Я поглубже вздохнул и шагнул на террасу. Она сидела на балюстраде в бутылочно-зеленом легком костюме. Сзади она была похожа на ребенка, но, когда она обернулась ко мне, на худющем белом лице не было ничего детского.
– Ах, вот и он, премудрый наш мистер Винтерс! – приветствовала она меня, развернувшись на балюстраде. – Ну, мистер Винтерс, что скажете?
Я подошел, засунув руки в карманы, сердце у меня так колотилось, что, казалось, вот-вот выпрыгнет из груди, но на лице я сохранял вопросительно-вежливое выражение.
– А что я должен говорить?
– Не надо притворяться! Не смейте лгать!
– Из-за чего все-таки шум? Я чем-то не угодил вам?

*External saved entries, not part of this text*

lemma TRVG_cycle_power_compl_2a_plus_2:
  "TRVG {..<2 * a + 2} (cycle_power_compl (2 * a + 2) a)"
  by (rule TRVG_int_rectanglesI[where xlo = "\<lambda>i. if i \<le> a then int i else int i - int a - 1"
        and xhi = "\<lambda>i. if i \<le> a then int i + 1 else int i - int a" and ylo = int and yhi = "\<lambda>i. int i + 1"])
    (unfold ivl_overlap_of_int, auto simp: symp_cycle_power_compl cycle_power_compl_less_iff)

text \<open>The \<open>x\<close>-projections \<open>zigzag_xlo a i + [0, 3]\<close> overlap exactly along the path
  \<open>a + 1, 0, a + 2, 1, \<dots>, 2a + 1, a, 2a + 2\<close>, whose steps are the differences \<open>a + 1\<close> and \<open>a + 2\<close>.\<close>

definition zigzag_xlo :: "nat \<Rightarrow> nat \<Rightarrow> int" where
  "zigzag_xlo a i = (if i \<le> a then 4 * int i + 2 else 4 * (int i - int a - 1))"

lemma TRVG_cycle_power_compl_2a_plus_3:
  "TRVG {..<2 * a + 3} (cycle_power_compl (2 * a + 3) a)"
  by (rule TRVG_int_rectanglesI[where xlo = "zigzag_xlo a" and xhi = "\<lambda>i. zigzag_xlo a i + 3"
        and ylo = "\<lambda>i. if i = 2 * a + 2 then int a + 1 else int i"
        and yhi = "\<lambda>i. if i = 2 * a + 2 then int a + 2 else int i + 1"])
    (unfold ivl_overlap_of_int, auto simp: symp_cycle_power_compl cycle_power_compl_less_iff zigzag_xlo_def)

text \<open>For \<open>n = 2a + 4\<close> the \<open>y\<close>-projections realise the edges off the zigzag path:
  \<open>{i, i + a + 3}\<close> for \<open>i \<le> a\<close>, and \<open>{a + 1, 2a + 2}\<close>, \<open>{a + 1, 2a + 3}\<close>, \<open>{a + 2, 2a + 3}\<close>.\<close>

definition chords_ylo :: "nat \<Rightarrow> nat \<Rightarrow> int" where
  "chords_ylo a i =
    (if i < a then 2 * int i
     else if i = a then 2 * int a + 6
     else if i = a + 1 then 2 * int a + 2
     else if i = a + 2 then 2 * int a + 5
     else if i = 2 * a + 3 then 2 * int a + 4
     else 2 * (int i - int a - 3))"

definition chords_yhi :: "nat \<Rightarrow> nat \<Rightarrow> int" where
  "chords_yhi a i =
    (if i < a then 2 * int i + 1
     else if i = a then 2 * int a + 7
     else if i = a + 1 then 2 * int a + 5
     else if i = a + 2 then 2 * int a + 6
     else if i = 2 * a + 3 then 2 * int a + 7
     else if i = 2 * a + 2 then 2 * int a + 3
     else 2 * (int i - int a - 3) + 1)"

lemma TRVG_cycle_power_compl_2a_plus_4:
  assumes "1 \<le> a"
  shows "TRVG {..<2 * a + 4} (cycle_power_compl (2 * a + 4) a)"
  apply (rule TRVG_int_rectanglesI[where xlo = "zigzag_xlo a" and xhi = "\<lambda>i. zigzag_xlo a i + 3"
        and ylo = "chords_ylo a" and yhi = "chords_yhi a"])
  subgoal by (auto simp: zigzag_xlo_def chords_ylo_def chords_yhi_def)
  subgoal by (rule symp_cycle_power_compl)
  subgoal premises uv for u v
  proof -
    have classes: "i < a \<or> i = a \<or> i = a + 1 \<or> i = a + 2 \<or> a + 3 \<le> i \<and> i \<le> 2 * a + 2 \<or> i = 2 * a + 3"
      if "i < 2 * a + 4" for i
      using that by linarith
    have "u < 2 * a + 4" "v < 2 * a + 4" using uv by auto
    from classes[OF this(1)] classes[OF this(2)] show ?thesis
      using \<open>u < v\<close> assms
      unfolding ivl_overlap_of_int cycle_power_compl_less_iff[OF \<open>u < v\<close>]
        zigzag_xlo_def chords_ylo_def chords_yhi_def
      by - (elim disjE conjE; auto; arith)
  qed
  done

theorem theorem6:
  fixes n a :: nat
  assumes "n \<ge> 3" and "a \<ge> 1"
  shows "TRVG {..<n} (cycle_power n a)
    \<and> TRVG {..<n} (cycle_power_compl n 1)
    \<and> (a \<ge> 3 \<and> n \<ge> 2 * a + 8 \<longrightarrow> \<not> TRVG {..<n} (cycle_power_compl n a))
    \<and> (a \<ge> 2 \<and> n \<le> 2 * a + 4 \<longrightarrow> TRVG {..<n} (cycle_power_compl n a))"
proof -
  have "TRVG {..<n} (cycle_power_compl n a)" if small: "n \<le> 2 * a + 4"
  proof -
    consider "n \<le> 2 * a + 1" | "n = 2 * a + 2" | "n = 2 * a + 3" | "n = 2 * a + 4"
      using small by linarith
    then show ?thesis
      by cases (use TRVG_cycle_power_compl_if_le_2a_plus_1 TRVG_cycle_power_compl_2a_plus_2
        TRVG_cycle_power_compl_2a_plus_3 TRVG_cycle_power_compl_2a_plus_4 \<open>a \<ge> 1\<close> in auto)
  qed
  then show ?thesis
    using TRVG_cycle_power TRVG_cycle_compl not_TRVG_cycle_power_compl \<open>n \<ge> 3\<close> by blast
qed

end
(* Let $G=\langle \Sigma_\tau, Q, \rightarrow, Q^0\rangle$ be a nondeterministic automaton with set of secret states $Q^S\subseteq Q$ and non-secret states $Q^{NS}=Q\setminus Q^S$. Let $\sim_o$ be an opaque observation equivalence on $G$ with respect to $Q^S$, and let $\tilde G$ be the quotient automaton of $G$ modulo $\sim_o$, with secret states $\tilde Q^S=\{[x]\mid x\in Q^S\}$. Then $det(G)$ and $det(\tilde G)$ are bisimilar, and $det_d(G)$ and $det_d(\tilde G)$ are bisimilar.
   Context: Automata: A (nondeterministic) automaton is $G=\langle \Sigma_\tau, Q,\rightarrow, Q^0\rangle$ where $\Sigma$ is a finite set of observable events, $\tau\notin\Sigma$ is a special symbol standing for every unobservable event, $\Sigma_\tau=\Sigma\cup\{\tau\}$, $Q$ is a finite state set, $\rightarrow\subseteq Q\times\Sigma_\tau\times Q$, and $Q^0\subseteq Q$ is the set of initial states. $G$ is deterministic if $|Q^0|=1$, it has no $\tau$-transitions, and $x\xrightarrow{\sigma}y_1$, $x\xrightarrow{\sigma}y_2$ imply $y_1=y_2$. For $s\in\Sigma^*$, $p\overset{s}{\Rightarrow}q$ means that there is a path from $p$ to $q$ whose label sequence, after deleting all occurrences of $\tau$, equals $s$ (for $s=\varepsilon$ this means a path consisting of zero or more $\tau$-transitions). Observer: for $B\subseteq Q$, $UR(B)=\{q\in Q\mid b\overset{\varepsilon}{\Rightarrow}q \text{ for some } b\in B\}$. The observer $det(G)=\langle\Sigma,X_{obs},\rightarrow_{obs},X^0_{obs}\rangle$ is the deterministic automaton with initial state $X^0_{obs}=UR(Q^0)$ and transitions $X\xrightarrow{\sigma}_{obs}Y$ iff $Y=UR(\{y\mid x\xrightarrow{\sigma}y\text{ for some }x\in X\})\neq\emptyset$; $X_{obs}\subseteq 2^Q$ consists of the states reachable from $X^0_{obs}$. Secret states and desired observer: the state set is partitioned into secret states $Q^S$ and non-secret states $Q^{NS}=Q\setminus Q^S$. The desired observer $det_d(G)$ is obtained from $det(G)$ by deleting every observer state $X$ with $X\subseteq Q^S$ (together with its incident transitions) and keeping only the part reachable from the initial state. Quotient: for an equivalence relation $\sim$ on $Q$ with classes $[x]$, the quotient automaton is $\tilde G=\langle\Sigma_\tau,\{[x]\mid x\in Q\},\rightarrow_{/\sim},\{[x^0]\mid x^0\in Q^0\}\rangle$ with $[x]\xrightarrow{\sigma}_{/\sim}[y]$ iff $x'\xrightarrow{\sigma}y'$ for some $x'\in[x]$, $y'\in[y]$. Opaque observation equivalence: an equivalence relation $\sim_o\subseteq Q\times Q$ such that for all $x_1\sim_o x_2$: (i) if $x_1\overset{s}{\Rightarrow}y_1$ for some $s\in\Sigma^*$ then there is $y_2$ with $x_2\overset{s}{\Rightarrow}y_2$ and $y_1\sim_o y_2$; (ii) $x_1\in Q^S$ iff $x_2\in Q^S$. Bisimilarity: two automata $A_1,A_2$ over the same alphabet are bisimilar if there is a relation $R$ between their state sets relating every initial state of each to some initial state of the other, such that whenever $(p_1,p_2)\in R$ and $p_1\xrightarrow{\sigma}q_1$ there is $q_2$ with $p_2\xrightarrow{\sigma}q_2$ and $(q_1,q_2)\in R$, and symmetrically. *)

theory Defs
  imports Main
begin

text \<open>Automata with states of type 'q and labels of type 'l.
  For the nondeterministic automaton G, labels are 'e option, where None is tau
  and Some a is the observable event a.\<close>

record ('q, 'l) aut =
  states :: "'q set"
  trans  :: "('q \<times> 'l \<times> 'q) set"
  init   :: "'q set"
(* Let $r\ge1$ and $n\ge 3r$ be integers, let $P$ be the path on $n$ vertices and $G=P^r$ its $r$-th power. Then $\tau(G)=r$. Moreover, for every positive integer $k$ with $n\ge k^2(r+1)$, there is a (simple) coalition game $\mathcal G$ over $G$ with $\dfrac{\kappa(\mathcal G)}{\kappa^f(\mathcal G)}\ge\left(1-\frac2k\right)\tau(G)$.
   Context: The $r$-th power $P^r$ of the path $P$ with vertices $1,\dots,n$ in order is the graph on $\{1,\dots,n\}$ in which $i\ne j$ are adjacent iff $|i-j|\le r$. Coalition game over $G=(V,E)$: a valuation $v:2^V\to\mathbb Z_{\ge0}$ with $v(\emptyset)=0$, $v(S)=0$ whenever $G[S]$ is disconnected, $v$ not identically zero; simple if all values lie in $\{0,1\}$. $\kappa^f(\mathcal G)=\min\{\sum_{i\in V}x_i: x\in\mathbb R^V_{\ge0},\ \sum_{i\in S}x_i\ge v(S)\ \forall S\subseteq V\}$ and $\kappa(\mathcal G)$ the same minimum over $x\in\mathbb Z^V_{\ge0}$. Thicket number $\tau(G)$: maximum, over collections $\mathcal H$ of nonempty, connected-inducing, pairwise intersecting vertex sets, of the minimum size of a set meeting every member of $\mathcal H$. *)

theory Defs
  imports "HOL-Analysis.Analysis"
begin

(* A simple graph: finite vertex set V and adjacency relation adj (assumed symmetric, irreflexive). *)

(* r-th power of the path 1,...,n: vertex set {1..n}, i~j iff i<>j and |i-j| <= r *)
definition path_power_adj :: "nat \<Rightarrow> nat \<Rightarrow> nat \<Rightarrow> bool" where
  "path_power_adj r i j \<longleftrightarrow> i \<noteq> j \<and> (i \<le> j + r \<and> j \<le> i + r)"

definition induced_connected :: "('a \<Rightarrow> 'a \<Rightarrow> bool) \<Rightarrow> 'a set \<Rightarrow> bool" where
  "induced_connected adj S \<longleftrightarrow> S \<noteq> {} \<and>
     (\<forall>x\<in>S. \<forall>y\<in>S. (x, y) \<in> ({(a, b). a \<in> S \<and> b \<in> S \<and> adj a b})\<^sup>*)"

definition coalition_game :: "'a set \<Rightarrow> ('a \<Rightarrow> 'a \<Rightarrow> bool) \<Rightarrow> ('a set \<Rightarrow> nat) \<Rightarrow> bool" where
  "coalition_game V adj v \<longleftrightarrow> v {} = 0 \<and>
     (\<forall>S. S \<subseteq> V \<and> S \<noteq> {} \<and> \<not> induced_connected adj S \<longrightarrow> v S = 0) \<and>
     (\<exists>S. S \<subseteq> V \<and> v S \<noteq> 0)"

definition simple_game :: "'a set \<Rightarrow> ('a set \<Rightarrow> nat) \<Rightarrow> bool" where
  "simple_game V v \<longleftrightarrow> (\<forall>S. S \<subseteq> V \<longrightarrow> v S \<le> 1)"

definition kappa_f :: "'a set \<Rightarrow> ('a set \<Rightarrow> nat) \<Rightarrow> real" where
  "kappa_f V v = Inf {(\<Sum>i\<in>V. x i) | x :: 'a \<Rightarrow> real.
      (\<forall>i\<in>V. x i \<ge> 0) \<and> (\<forall>S. S \<subseteq> V \<longrightarrow> (\<Sum>i\<in>S. x i) \<ge> real (v S))}"

definition kappa_int :: "'a set \<Rightarrow> ('a set \<Rightarrow> nat) \<Rightarrow> real" where
  "kappa_int V v = Inf {(\<Sum>i\<in>V. x i) | x :: 'a \<Rightarrow> real.
      (\<forall>i\<in>V. x i \<ge> 0 \<and> x i \<in> \<int>) \<and> (\<forall>S. S \<subseteq> V \<longrightarrow> (\<Sum>i\<in>S. x i) \<ge> real (v S))}"

definition transversal_number :: "'a set \<Rightarrow> 'a set set \<Rightarrow> nat" where
  "transversal_number V H = Min {card T | T. T \<subseteq> V \<and> (\<forall>A\<in>H. A \<inter> T \<noteq> {})}"

definition thicket_number :: "'a set \<Rightarrow> ('a \<Rightarrow> 'a \<Rightarrow> bool) \<Rightarrow> nat" where
  "thicket_number V adj = Max {transversal_number V H | H.
      (\<forall>A\<in>H. A \<subseteq> V \<and> A \<noteq> {} \<and> induced_connected adj A) \<and>
      (\<forall>A\<in>H. \<forall>B\<in>H. A \<inter> B \<noteq> {})}"

end

theory Submission
  imports Defs
begin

Ее трясло от злости. Руки-клешни то сжимались, то разжимались, словно она едва удерживалась от соблазна выцарапать мне глаза.
– Вам Берни Хау знаком? – потребовала она придушенным голосом.
– Да, а что? Очень смышленый адвокат по уголовным делам. Как раз собирался, мисс Шелли, говорить с вами о нем. Мне подумалось, что он-то сумеет выбивать для вас квартплату.
– Не об этом речь! – завизжала она. – Работу вы ему предлагали за взятку в тысячу долларов! Да или нет?
– А что такое? Да. Ну и что? Так всегда делается. Тем более с личностями вроде Хау. Кто же ему без комиссионных работу-то даст? Но не на это же вы рассердились, мисс Шелли?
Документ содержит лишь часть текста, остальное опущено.